WORK REQUEST => Find and return every line of the data that contains the word "obtain".

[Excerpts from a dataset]
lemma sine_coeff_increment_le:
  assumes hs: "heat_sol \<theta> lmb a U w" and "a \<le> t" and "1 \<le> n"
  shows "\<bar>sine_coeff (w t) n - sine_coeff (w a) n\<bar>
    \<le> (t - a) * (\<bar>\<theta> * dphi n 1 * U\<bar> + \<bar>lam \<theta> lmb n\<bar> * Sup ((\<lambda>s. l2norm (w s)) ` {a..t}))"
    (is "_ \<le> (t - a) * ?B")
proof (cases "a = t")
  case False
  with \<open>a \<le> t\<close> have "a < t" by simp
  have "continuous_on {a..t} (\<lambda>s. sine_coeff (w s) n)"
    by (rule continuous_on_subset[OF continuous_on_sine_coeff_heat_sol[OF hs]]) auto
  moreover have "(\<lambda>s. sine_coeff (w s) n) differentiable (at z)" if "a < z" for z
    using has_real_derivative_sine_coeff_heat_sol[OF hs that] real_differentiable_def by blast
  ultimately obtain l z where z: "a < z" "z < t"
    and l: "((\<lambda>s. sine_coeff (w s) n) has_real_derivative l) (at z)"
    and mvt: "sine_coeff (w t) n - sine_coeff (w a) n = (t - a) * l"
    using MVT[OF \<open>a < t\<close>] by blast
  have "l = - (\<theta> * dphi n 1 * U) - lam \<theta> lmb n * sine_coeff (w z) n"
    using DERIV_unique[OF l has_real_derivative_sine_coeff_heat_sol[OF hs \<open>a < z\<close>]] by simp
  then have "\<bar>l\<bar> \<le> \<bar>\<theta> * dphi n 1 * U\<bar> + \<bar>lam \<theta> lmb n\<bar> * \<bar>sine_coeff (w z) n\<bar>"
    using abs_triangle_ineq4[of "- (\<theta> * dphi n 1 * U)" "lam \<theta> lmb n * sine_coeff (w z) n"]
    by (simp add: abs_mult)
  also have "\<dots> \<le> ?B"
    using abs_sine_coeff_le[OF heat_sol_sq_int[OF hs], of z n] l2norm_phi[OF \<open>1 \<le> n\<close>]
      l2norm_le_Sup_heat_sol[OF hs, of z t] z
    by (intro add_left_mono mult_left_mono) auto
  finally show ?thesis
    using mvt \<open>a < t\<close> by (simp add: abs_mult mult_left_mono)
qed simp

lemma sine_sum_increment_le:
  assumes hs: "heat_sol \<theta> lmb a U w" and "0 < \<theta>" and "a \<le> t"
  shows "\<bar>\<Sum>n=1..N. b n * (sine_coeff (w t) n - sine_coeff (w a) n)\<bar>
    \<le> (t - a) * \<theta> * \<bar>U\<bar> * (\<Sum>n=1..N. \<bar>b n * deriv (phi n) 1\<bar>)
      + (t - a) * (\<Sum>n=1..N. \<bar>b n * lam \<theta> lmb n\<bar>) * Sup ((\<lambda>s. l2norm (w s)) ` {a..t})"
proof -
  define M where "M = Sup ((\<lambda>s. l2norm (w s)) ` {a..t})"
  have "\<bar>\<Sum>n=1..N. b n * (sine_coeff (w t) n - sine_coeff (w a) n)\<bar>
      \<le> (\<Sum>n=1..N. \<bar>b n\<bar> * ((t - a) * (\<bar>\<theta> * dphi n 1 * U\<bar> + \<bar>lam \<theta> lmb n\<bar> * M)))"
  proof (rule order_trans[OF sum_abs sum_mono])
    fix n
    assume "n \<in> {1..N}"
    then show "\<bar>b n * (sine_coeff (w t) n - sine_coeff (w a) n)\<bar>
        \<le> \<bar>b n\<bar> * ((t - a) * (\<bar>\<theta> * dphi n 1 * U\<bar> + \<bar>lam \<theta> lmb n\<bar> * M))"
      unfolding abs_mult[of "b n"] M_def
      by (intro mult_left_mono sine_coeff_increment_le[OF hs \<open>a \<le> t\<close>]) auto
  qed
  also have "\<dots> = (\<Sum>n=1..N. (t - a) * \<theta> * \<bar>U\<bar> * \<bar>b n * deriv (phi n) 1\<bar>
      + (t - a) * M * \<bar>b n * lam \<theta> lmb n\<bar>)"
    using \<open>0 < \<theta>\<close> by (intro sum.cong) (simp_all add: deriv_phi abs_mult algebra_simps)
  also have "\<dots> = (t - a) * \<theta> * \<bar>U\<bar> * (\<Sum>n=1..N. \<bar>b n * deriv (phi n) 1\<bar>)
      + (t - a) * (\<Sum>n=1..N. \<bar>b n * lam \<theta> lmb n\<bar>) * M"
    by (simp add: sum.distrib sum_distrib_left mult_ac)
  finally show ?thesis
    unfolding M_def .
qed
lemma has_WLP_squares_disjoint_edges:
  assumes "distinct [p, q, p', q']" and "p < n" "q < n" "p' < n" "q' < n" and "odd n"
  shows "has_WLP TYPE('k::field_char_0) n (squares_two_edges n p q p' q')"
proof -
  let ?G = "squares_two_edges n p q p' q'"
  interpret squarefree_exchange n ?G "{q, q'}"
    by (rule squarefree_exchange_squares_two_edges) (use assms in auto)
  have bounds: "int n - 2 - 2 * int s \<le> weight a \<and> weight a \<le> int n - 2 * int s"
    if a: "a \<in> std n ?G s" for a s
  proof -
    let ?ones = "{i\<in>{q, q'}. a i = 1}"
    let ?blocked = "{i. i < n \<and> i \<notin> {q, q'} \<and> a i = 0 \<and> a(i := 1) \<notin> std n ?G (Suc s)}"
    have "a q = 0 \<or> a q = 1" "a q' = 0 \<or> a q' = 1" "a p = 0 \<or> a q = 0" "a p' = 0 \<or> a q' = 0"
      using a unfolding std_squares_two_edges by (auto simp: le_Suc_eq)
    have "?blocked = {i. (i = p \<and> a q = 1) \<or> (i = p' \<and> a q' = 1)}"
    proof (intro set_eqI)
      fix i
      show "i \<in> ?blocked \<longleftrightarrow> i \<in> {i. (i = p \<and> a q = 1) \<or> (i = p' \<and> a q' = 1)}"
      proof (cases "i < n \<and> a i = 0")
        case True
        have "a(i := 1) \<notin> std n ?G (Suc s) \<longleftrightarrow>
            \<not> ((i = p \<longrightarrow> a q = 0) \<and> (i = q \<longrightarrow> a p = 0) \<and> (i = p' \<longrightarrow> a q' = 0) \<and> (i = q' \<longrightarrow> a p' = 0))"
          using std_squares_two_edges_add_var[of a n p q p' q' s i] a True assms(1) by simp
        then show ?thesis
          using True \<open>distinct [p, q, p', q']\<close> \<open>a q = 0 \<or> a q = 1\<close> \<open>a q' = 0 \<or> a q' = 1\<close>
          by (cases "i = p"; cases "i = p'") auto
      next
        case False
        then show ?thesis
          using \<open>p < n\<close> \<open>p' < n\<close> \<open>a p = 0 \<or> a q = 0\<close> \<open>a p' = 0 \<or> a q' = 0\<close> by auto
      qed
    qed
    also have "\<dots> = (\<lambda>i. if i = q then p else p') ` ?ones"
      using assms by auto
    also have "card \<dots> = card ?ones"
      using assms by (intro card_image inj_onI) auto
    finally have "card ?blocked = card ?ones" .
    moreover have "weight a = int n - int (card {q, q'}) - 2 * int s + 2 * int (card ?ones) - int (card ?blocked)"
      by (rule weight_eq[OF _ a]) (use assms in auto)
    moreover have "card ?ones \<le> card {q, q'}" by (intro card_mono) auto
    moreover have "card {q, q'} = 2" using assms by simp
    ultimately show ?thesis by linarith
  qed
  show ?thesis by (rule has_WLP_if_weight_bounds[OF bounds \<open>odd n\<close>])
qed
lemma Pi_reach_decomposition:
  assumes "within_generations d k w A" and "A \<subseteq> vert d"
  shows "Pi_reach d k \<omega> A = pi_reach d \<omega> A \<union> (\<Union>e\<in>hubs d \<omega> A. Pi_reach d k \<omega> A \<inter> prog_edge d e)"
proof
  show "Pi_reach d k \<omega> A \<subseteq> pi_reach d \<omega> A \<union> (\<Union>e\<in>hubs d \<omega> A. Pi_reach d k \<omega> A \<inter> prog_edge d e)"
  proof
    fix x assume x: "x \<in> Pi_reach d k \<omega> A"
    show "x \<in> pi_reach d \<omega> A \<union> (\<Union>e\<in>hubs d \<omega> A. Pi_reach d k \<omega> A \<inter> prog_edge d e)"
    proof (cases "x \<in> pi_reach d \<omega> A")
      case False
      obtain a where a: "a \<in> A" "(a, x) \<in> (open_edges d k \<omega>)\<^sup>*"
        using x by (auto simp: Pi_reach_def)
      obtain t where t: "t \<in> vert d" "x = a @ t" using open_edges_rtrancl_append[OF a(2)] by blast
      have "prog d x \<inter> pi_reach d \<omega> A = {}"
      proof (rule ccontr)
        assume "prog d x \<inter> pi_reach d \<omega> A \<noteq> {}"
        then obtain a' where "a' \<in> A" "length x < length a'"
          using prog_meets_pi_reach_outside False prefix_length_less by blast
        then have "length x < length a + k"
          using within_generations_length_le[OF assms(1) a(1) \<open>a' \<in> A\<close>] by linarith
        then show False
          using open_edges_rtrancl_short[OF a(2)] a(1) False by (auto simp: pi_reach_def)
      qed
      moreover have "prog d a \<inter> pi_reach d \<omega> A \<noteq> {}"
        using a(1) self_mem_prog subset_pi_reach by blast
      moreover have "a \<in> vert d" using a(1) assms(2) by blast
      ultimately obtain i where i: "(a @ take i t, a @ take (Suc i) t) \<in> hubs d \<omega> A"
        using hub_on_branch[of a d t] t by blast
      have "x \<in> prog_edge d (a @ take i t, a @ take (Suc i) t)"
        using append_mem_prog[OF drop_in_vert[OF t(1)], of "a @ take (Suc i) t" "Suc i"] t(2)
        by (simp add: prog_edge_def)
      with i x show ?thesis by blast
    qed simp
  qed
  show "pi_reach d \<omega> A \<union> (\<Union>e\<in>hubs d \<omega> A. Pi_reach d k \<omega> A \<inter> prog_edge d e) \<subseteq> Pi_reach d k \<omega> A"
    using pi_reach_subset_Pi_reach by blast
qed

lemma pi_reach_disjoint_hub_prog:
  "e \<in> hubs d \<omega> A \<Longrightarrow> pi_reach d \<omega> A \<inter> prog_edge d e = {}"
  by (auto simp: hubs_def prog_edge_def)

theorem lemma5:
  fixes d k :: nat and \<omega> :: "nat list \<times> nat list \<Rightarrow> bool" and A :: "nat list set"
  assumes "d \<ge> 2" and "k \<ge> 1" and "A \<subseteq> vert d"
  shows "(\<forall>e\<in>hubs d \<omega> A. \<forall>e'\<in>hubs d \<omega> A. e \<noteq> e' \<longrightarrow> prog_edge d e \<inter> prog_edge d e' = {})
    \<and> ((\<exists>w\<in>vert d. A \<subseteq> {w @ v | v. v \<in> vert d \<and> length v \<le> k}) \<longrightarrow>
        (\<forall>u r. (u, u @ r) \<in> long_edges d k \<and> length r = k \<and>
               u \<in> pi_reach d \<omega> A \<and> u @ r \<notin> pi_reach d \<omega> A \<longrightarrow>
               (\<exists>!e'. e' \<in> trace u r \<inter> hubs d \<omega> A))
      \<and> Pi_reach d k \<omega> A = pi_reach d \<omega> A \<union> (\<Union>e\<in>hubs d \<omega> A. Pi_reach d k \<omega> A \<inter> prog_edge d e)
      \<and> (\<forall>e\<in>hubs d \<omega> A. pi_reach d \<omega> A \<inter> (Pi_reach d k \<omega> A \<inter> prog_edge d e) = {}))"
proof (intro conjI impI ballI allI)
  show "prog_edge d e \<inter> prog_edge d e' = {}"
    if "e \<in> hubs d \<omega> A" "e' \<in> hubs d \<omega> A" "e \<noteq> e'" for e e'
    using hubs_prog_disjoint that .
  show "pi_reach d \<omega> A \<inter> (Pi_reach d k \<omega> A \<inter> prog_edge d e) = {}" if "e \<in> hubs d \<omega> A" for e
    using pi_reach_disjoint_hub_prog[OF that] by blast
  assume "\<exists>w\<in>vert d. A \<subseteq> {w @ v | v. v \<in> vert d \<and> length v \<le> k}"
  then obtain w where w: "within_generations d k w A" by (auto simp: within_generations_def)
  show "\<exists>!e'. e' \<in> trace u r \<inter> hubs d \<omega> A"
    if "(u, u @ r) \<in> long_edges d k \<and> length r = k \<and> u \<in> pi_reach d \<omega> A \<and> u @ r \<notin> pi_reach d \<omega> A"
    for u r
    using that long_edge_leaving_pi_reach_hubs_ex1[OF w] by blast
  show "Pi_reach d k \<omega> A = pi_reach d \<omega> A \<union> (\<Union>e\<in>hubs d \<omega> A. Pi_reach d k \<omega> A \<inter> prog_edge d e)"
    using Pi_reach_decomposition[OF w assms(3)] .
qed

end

RESPONSE BELOW =>
  ultimately obtain l z where z: "a < z" "z < t"
      obtain a where a: "a \<in> A" "(a, x) \<in> (open_edges d k \<omega>)\<^sup>*"
      obtain t where t: "t \<in> vert d" "x = a @ t" using open_edges_rtrancl_append[OF a(2)] by blast
        then obtain a' where "a' \<in> A" "length x < length a'"
      ultimately obtain i where i: "(a @ take i t, a @ take (Suc i) t) \<in> hubs d \<omega> A"
  then obtain w where w: "within_generations d k w A" by (auto simp: within_generations_def)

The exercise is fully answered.